In the last case study, I want to apply “engineering entropy” to a larger context, say a multi discipline engineering group. In such a group, there are a lot of feature teams who own different things in different layers of the final product. Nowadays, many groups are leveraging Scrum model as a development framework. Scrum model provides the possibility that things are changing in a fast pace. So it should not be surprising that one component layer is changing its implementation dramatically. But such flexibility inevitably introduces engineering entropy, as one’s understanding of the dependencies are going out of date pretty soon. This is a topic in project management instead of software engineering as such ignorance is the result of the separation of engineering entities. By understanding the source of such entropy, it could be easily figured out that a careful management of such entropy is needed. One important way to reduce the entropy is to communicate changes in a clear way so developers are aware of them. When certain change starts causing issues, the information of “why and how” about the change should be immediately available, at least contact information should be available so that assistance of resolving the issues could be pursued as early as possible.
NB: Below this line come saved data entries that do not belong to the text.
(* Let $G$ be a graph with no proper 1-join, let $u$ be a 1-cutset of $G$, let $C$ be a connected component of $G\setminus\{u\}$, and let $\overline{C}=C\cup\{u\}$ (as an induced subgraph of $G$). Then $\overline{C}$ has no proper 1-join.
   Context: All graphs are finite and simple. A connected graph $G$ has a 1-cutset $u$ if $G\setminus\{u\}$ has at least two connected components. A 1-join of $G$ is a partition of $V(G)$ into sets $X,Y$ with $|X|,|Y|\ge2$ such that there exist nonempty $A\subseteq X$ and $B\subseteq Y$ with $A$ complete to $B$ (all edges present), $X$ anticomplete to $Y\setminus B$ (no edges), and $Y$ anticomplete to $X\setminus A$; it is denoted $(X,Y,A,B)$. A 1-join $(X,Y,A,B)$ is proper if $A$ and $B$ are stable sets of size at least 2. *)

theory Defs
  imports Main
begin

definition graph :: "'a set \<Rightarrow> ('a \<Rightarrow> 'a \<Rightarrow> bool) \<Rightarrow> bool" where
  "graph V E \<longleftrightarrow> finite V \<and> (\<forall>x y. E x y \<longrightarrow> x \<in> V \<and> y \<in> V)
     \<and> (\<forall>x y. E x y \<longrightarrow> E y x) \<and> (\<forall>x. \<not> E x x)"

definition induced :: "('a \<Rightarrow> 'a \<Rightarrow> bool) \<Rightarrow> 'a set \<Rightarrow> ('a \<Rightarrow> 'a \<Rightarrow> bool)" where
  "induced E S = (\<lambda>x y. E x y \<and> x \<in> S \<and> y \<in> S)"

definition reach :: "'a set \<Rightarrow> ('a \<Rightarrow> 'a \<Rightarrow> bool) \<Rightarrow> 'a \<Rightarrow> 'a \<Rightarrow> bool" where
  "reach S E x y \<longleftrightarrow> x \<in> S \<and> y \<in> S \<and> (induced E S)\<^sup>*\<^sup>* x y"

definition connected_graph :: "'a set \<Rightarrow> ('a \<Rightarrow> 'a \<Rightarrow> bool) \<Rightarrow> bool" where
  "connected_graph V E \<longleftrightarrow> V \<noteq> {} \<and> (\<forall>x\<in>V. \<forall>y\<in>V. reach V E x y)"

definition component :: "'a set \<Rightarrow> ('a \<Rightarrow> 'a \<Rightarrow> bool) \<Rightarrow> 'a set \<Rightarrow> bool" where
  "component S E C \<longleftrightarrow> (\<exists>x\<in>S. C = {y. reach S E x y})"

definition one_cutset :: "'a set \<Rightarrow> ('a \<Rightarrow> 'a \<Rightarrow> bool) \<Rightarrow> 'a \<Rightarrow> bool" where
  "one_cutset V E u \<longleftrightarrow> connected_graph V E \<and> u \<in> V \<and>
     (\<exists>C1 C2. component (V - {u}) E C1 \<and> component (V - {u}) E C2 \<and> C1 \<noteq> C2)"

definition complete_to :: "('a \<Rightarrow> 'a \<Rightarrow> bool) \<Rightarrow> 'a set \<Rightarrow> 'a set \<Rightarrow> bool" where
  "complete_to E A B \<longleftrightarrow> (\<forall>a\<in>A. \<forall>b\<in>B. E a b)"

definition anticomplete_to :: "('a \<Rightarrow> 'a \<Rightarrow> bool) \<Rightarrow> 'a set \<Rightarrow> 'a set \<Rightarrow> bool" where
  "anticomplete_to E A B \<longleftrightarrow> (\<forall>a\<in>A. \<forall>b\<in>B. \<not> E a b)"

definition stable :: "('a \<Rightarrow> 'a \<Rightarrow> bool) \<Rightarrow> 'a set \<Rightarrow> bool" where
  "stable E A \<longleftrightarrow> (\<forall>a\<in>A. \<forall>b\<in>A. \<not> E a b)"

definition one_join :: "'a set \<Rightarrow> ('a \<Rightarrow> 'a \<Rightarrow> bool) \<Rightarrow> 'a set \<Rightarrow> 'a set \<Rightarrow> 'a set \<Rightarrow> 'a set \<Rightarrow> bool" where
  "one_join V E X Y A B \<longleftrightarrow> X \<union> Y = V \<and> X \<inter> Y = {} \<and> card X \<ge> 2 \<and> card Y \<ge> 2 \<and>
     A \<subseteq> X \<and> A \<noteq> {} \<and> B \<subseteq> Y \<and> B \<noteq> {} \<and> complete_to E A B \<and>
     anticomplete_to E X (Y - B) \<and> anticomplete_to E (X - A) Y"

definition proper_one_join :: "'a set \<Rightarrow> ('a \<Rightarrow> 'a \<Rightarrow> bool) \<Rightarrow> 'a set \<Rightarrow> 'a set \<Rightarrow> 'a set \<Rightarrow> 'a set \<Rightarrow> bool" where
  "proper_one_join V E X Y A B \<longleftrightarrow> one_join V E X Y A B \<and>
     stable E A \<and> stable E B \<and> card A \<ge> 2 \<and> card B \<ge> 2"

definition has_proper_one_join :: "'a set \<Rightarrow> ('a \<Rightarrow> 'a \<Rightarrow> bool) \<Rightarrow> bool" where
  "has_proper_one_join V E \<longleftrightarrow> (\<exists>X Y A B. proper_one_join V E X Y A B)"

end

theory Submission
  imports Defs
begin

text \<open>A component C of G - u sends no edges to the rest of G - u, so every vertex outside
  C \<union> {u} is anticomplete to C. Given a proper 1-join of the graph induced on C \<union> {u}, swap
  its sides if necessary so that u is on the X-side; then the other side lies in C, and adding
  all vertices outside C \<union> {u} to the X-side yields a proper 1-join of G itself.\<close>

lemma symp_induced: "symp E \<Longrightarrow> symp (induced E S)"
  unfolding symp_def induced_def by blast

lemma anticomplete_to_sym: "symp E \<Longrightarrow> anticomplete_to E A B \<Longrightarrow> anticomplete_to E B A"
  unfolding symp_def anticomplete_to_def by blast

lemma proper_one_join_swap:
  assumes "symp E" and "proper_one_join V E X Y A B"
  shows "proper_one_join V E Y X B A"
proof -
  have "complete_to E B A" if "complete_to E A B"
    using assms(1) that unfolding symp_def complete_to_def by blast
  with assms show ?thesis
    unfolding proper_one_join_def one_join_def by (auto intro: anticomplete_to_sym)
qed

lemma component_subset: "component S E C \<Longrightarrow> C \<subseteq> S"
  unfolding component_def reach_def by auto

lemma component_anticomplete_rest:
  assumes "component S E C"
  shows "anticomplete_to E C (S - C)"
  unfolding anticomplete_to_def
proof (intro ballI notI)
  fix c d assume c: "c \<in> C" and d: "d \<in> S - C" and "E c d"
  obtain x where "x \<in> S" and C_def: "C = {y. reach S E x y}"
    using assms unfolding component_def by blast
  have "(induced E S)\<^sup>*\<^sup>* x c"
    using c C_def unfolding reach_def by blast
  moreover have "induced E S c d"
    using \<open>E c d\<close> c d component_subset[OF assms] unfolding induced_def by blast
  ultimately have "(induced E S)\<^sup>*\<^sup>* x d"
    by (rule rtranclp.rtrancl_into_rtrancl)
  with \<open>x \<in> S\<close> d have "reach S E x d"
    unfolding reach_def by blast
  with d C_def show False by blast
qed

lemma proper_one_join_extend:
  assumes "finite V" and "S \<subseteq> V"
    and join: "proper_one_join S (induced E S) X Y A B"
    and rest: "anticomplete_to E (V - S) Y"
  shows "proper_one_join V E (X \<union> (V - S)) Y A B"
proof -
  from join have XY: "X \<union> Y = S" "X \<inter> Y = {}" and "card X \<ge> 2" "card Y \<ge> 2"
    and AB: "A \<subseteq> X" "A \<noteq> {}" "B \<subseteq> Y" "B \<noteq> {}" "card A \<ge> 2" "card B \<ge> 2"
    and "complete_to (induced E S) A B"
    and anti: "anticomplete_to (induced E S) X (Y - B)" "anticomplete_to (induced E S) (X - A) Y"
    and "stable (induced E S) A" "stable (induced E S) B"
    unfolding proper_one_join_def one_join_def by auto
  have "card X \<le> card (X \<union> (V - S))"
    using assms(1,2) XY(1) by (intro card_mono) (auto intro: finite_subset)
  with \<open>card X \<ge> 2\<close> have "card (X \<union> (V - S)) \<ge> 2" by linarith
  moreover have "complete_to E A B"
    using \<open>complete_to (induced E S) A B\<close> unfolding complete_to_def induced_def by blast
  moreover have "anticomplete_to E (X \<union> (V - S)) (Y - B)"
    using anti(1) rest XY(1) unfolding anticomplete_to_def induced_def by blast
  moreover have "anticomplete_to E (X \<union> (V - S) - A) Y"
    using anti(2) rest XY(1) unfolding anticomplete_to_def induced_def by blast
  moreover have "stable E A" "stable E B"
    using \<open>stable (induced E S) A\<close> \<open>stable (induced E S) B\<close> AB XY(1)
    unfolding stable_def induced_def by blast+
  ultimately show ?thesis
    using XY AB \<open>card Y \<ge> 2\<close> assms(2)
    unfolding proper_one_join_def one_join_def by blast
qed

theorem mainTheorem8:
  fixes V :: "'a set" and E :: "'a \<Rightarrow> 'a \<Rightarrow> bool" and u :: 'a and C :: "'a set"
  assumes "graph V E"
    and "\<not> has_proper_one_join V E"
    and "one_cutset V E u"
    and "component (V - {u}) E C"
  shows "\<not> has_proper_one_join (C \<union> {u}) (induced E (C \<union> {u}))"
proof
  let ?S = "C \<union> {u}"
  assume "has_proper_one_join ?S (induced E ?S)"
  have "symp E" and "finite V"
    using assms(1) unfolding graph_def symp_def by auto
  have "?S \<subseteq> V"
    using assms(3) component_subset[OF assms(4)] unfolding one_cutset_def by blast
  obtain X Y A B where join: "proper_one_join ?S (induced E ?S) X Y A B" and "u \<notin> Y"
  proof -
    obtain X Y A B where j: "proper_one_join ?S (induced E ?S) X Y A B"
      using \<open>has_proper_one_join ?S (induced E ?S)\<close> unfolding has_proper_one_join_def by blast
    then have "u \<notin> Y \<or> u \<notin> X"
      unfolding proper_one_join_def one_join_def by blast
    with j proper_one_join_swap[OF symp_induced[OF \<open>symp E\<close>] j] that show thesis by blast
  qed
  then have "Y \<subseteq> C"
    unfolding proper_one_join_def one_join_def by blast
  moreover have "anticomplete_to E (V - ?S) C"
    using anticomplete_to_sym[OF \<open>symp E\<close> component_anticomplete_rest[OF assms(4)]]
    by (simp add: Diff_insert2 [symmetric] insert_commute)
  ultimately have "anticomplete_to E (V - ?S) Y"
    unfolding anticomplete_to_def by blast
  from proper_one_join_extend[OF \<open>finite V\<close> \<open>?S \<subseteq> V\<close> join this] assms(2) show False
    unfolding has_proper_one_join_def by blast
qed

end
lemma rat_decode_less_iff:
  assumes "0 < q"
  shows "real_of_rat (rat_decode m) < real p / real q \<longleftrightarrow>
    odd (fst (prod_decode m)) \<or> fst (prod_decode m) div 2 * q < p * Suc (snd (prod_decode m))"
proof (cases "even (fst (prod_decode m))")
  case True
  have "real (fst (prod_decode m) div 2) / real (Suc (snd (prod_decode m))) < real p / real q \<longleftrightarrow>
      real (fst (prod_decode m) div 2 * q) < real (p * Suc (snd (prod_decode m)))"
    using assms by (simp add: field_simps)
  also have "\<dots> \<longleftrightarrow> fst (prod_decode m) div 2 * q < p * Suc (snd (prod_decode m))"
    by (rule of_nat_less_iff)
  finally show ?thesis using True by (simp add: of_rat_rat_decode_even del: of_nat_Suc)
next
  case False
  have "real_of_rat (rat_decode m) < 0" "0 \<le> real p / real q"
    using of_rat_rat_decode_odd_neg[OF False] by simp_all
  with False show ?thesis by linarith
qed

lemma less_rat_decode_iff:
  assumes "0 < q"
  shows "real p / real q < real_of_rat (rat_decode m) \<longleftrightarrow>
    even (fst (prod_decode m)) \<and> p * Suc (snd (prod_decode m)) < fst (prod_decode m) div 2 * q"
proof (cases "even (fst (prod_decode m))")
  case True
  have "real p / real q < real (fst (prod_decode m) div 2) / real (Suc (snd (prod_decode m))) \<longleftrightarrow>
      real (p * Suc (snd (prod_decode m))) < real (fst (prod_decode m) div 2 * q)"
    using assms by (simp add: field_simps)
  also have "\<dots> \<longleftrightarrow> p * Suc (snd (prod_decode m)) < fst (prod_decode m) div 2 * q"
    by (rule of_nat_less_iff)
  finally show ?thesis using True by (simp add: of_rat_rat_decode_even del: of_nat_Suc)
next
  case False
  have "real_of_rat (rat_decode m) < 0" "0 \<le> real p / real q"
    using of_rat_rat_decode_odd_neg[OF False] by simp_all
  with False show ?thesis by linarith
qed

lemma recursive_fun_iff_total_recursive: "recursive_fun f \<longleftrightarrow> total_recursive 1 (\<lambda>xs. f (hd xs))"
  unfolding recursive_fun_def total_recursive_def
  by (metis One_nat_def length_Suc_conv length_0_conv list.sel(1) list.size(3,4))

lemma recursive_selection_sit_encode:
  assumes "total_recursive 1 (\<lambda>xs. of_bool (P (hd xs)))"
  shows "recursive_selection (\<lambda>s. P (sit_encode s))"
  using assms unfolding recursive_selection_def recursive_fun_iff_total_recursive by auto

text \<open>A nonnegative threshold is a quotient \<open>p / q\<close> of naturals, so comparing it with a decoded
  rational reduces to the parity of the numerator code and one cross-multiplication.\<close>

lemma recursive_selection_rat_threshold:
  assumes "recursive_rat_fun ql" "r \<in> \<rat>" "0 \<le> r"
  shows "recursive_selection (\<lambda>s. real_of_rat (ql s N) < r)"
    and "recursive_selection (\<lambda>s. r < real_of_rat (ql s N))"
proof -
  obtain g where g: "recursive_fun g"
    and ql: "\<And>s n. ql s n = rat_decode (g (prod_encode (sit_encode s, n)))"
    using assms(1) unfolding recursive_rat_fun_def by blast
  obtain p q :: nat where q: "0 < q" and r: "r = real p / real q"
    using Rats_abs_nat_div_natE[OF assms(2)] assms(3) by (metis abs_of_nonneg gr0I)
  define G where "G n = g (prod_encode (n, N))" for n
  have ql_G: "ql s N = rat_decode (G (sit_encode s))" for s
    by (simp add: ql G_def)
  have "total_recursive 1 (\<lambda>xs. prod_encode (xs ! 0, N))"
    by (intro total_recursive_prod_encode total_recursive_proj total_recursive_const) simp
  from total_recursive_comp1[OF g[unfolded recursive_fun_iff_total_recursive] this]
  have G: "total_recursive 1 (\<lambda>xs. G (hd xs))"
    by (rule total_recursive_cong) (auto simp: G_def length_Suc_conv)
  have "total_recursive 1 (\<lambda>xs. of_bool (real_of_rat (rat_decode (G (hd xs))) < r))"
    unfolding r rat_decode_less_iff[OF q]
    by (intro total_recursive_disj total_recursive_not total_recursive_even total_recursive_less
        total_recursive_mult total_recursive_div_2 total_recursive_Suc total_recursive_const
        total_recursive_prod_decode G)
  then show "recursive_selection (\<lambda>s. real_of_rat (ql s N) < r)"
    unfolding ql_G by (rule recursive_selection_sit_encode)
  have "total_recursive 1 (\<lambda>xs. of_bool (r < real_of_rat (rat_decode (G (hd xs)))))"
    unfolding r less_rat_decode_iff[OF q]
    by (intro total_recursive_conj total_recursive_even total_recursive_less
        total_recursive_mult total_recursive_div_2 total_recursive_Suc total_recursive_const
        total_recursive_prod_decode G)
  then show "recursive_selection (\<lambda>s. r < real_of_rat (ql s N))"
    unfolding ql_G by (rule recursive_selection_sit_encode)
qed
Another similar example is what could happen inside a feature group. As developers in the same group are focusing on different areas, the knowledge of the same component/system could gradually become out of date. As time goes, the entropy of the same component will build up and it could require more efforts to resolve it. A planned catch-up could help to reduce this entropy. A catch-up could be a formal one so that everyone in the team can focus on gaining more insights together or it could be informal so that individual developer can arrange his/her own catch-up in a way that fits his/her own flexibility. The key point is that this should be done with a clear goal in mind and the goal is gaining new knowledge of the product which has been changing for a certain period.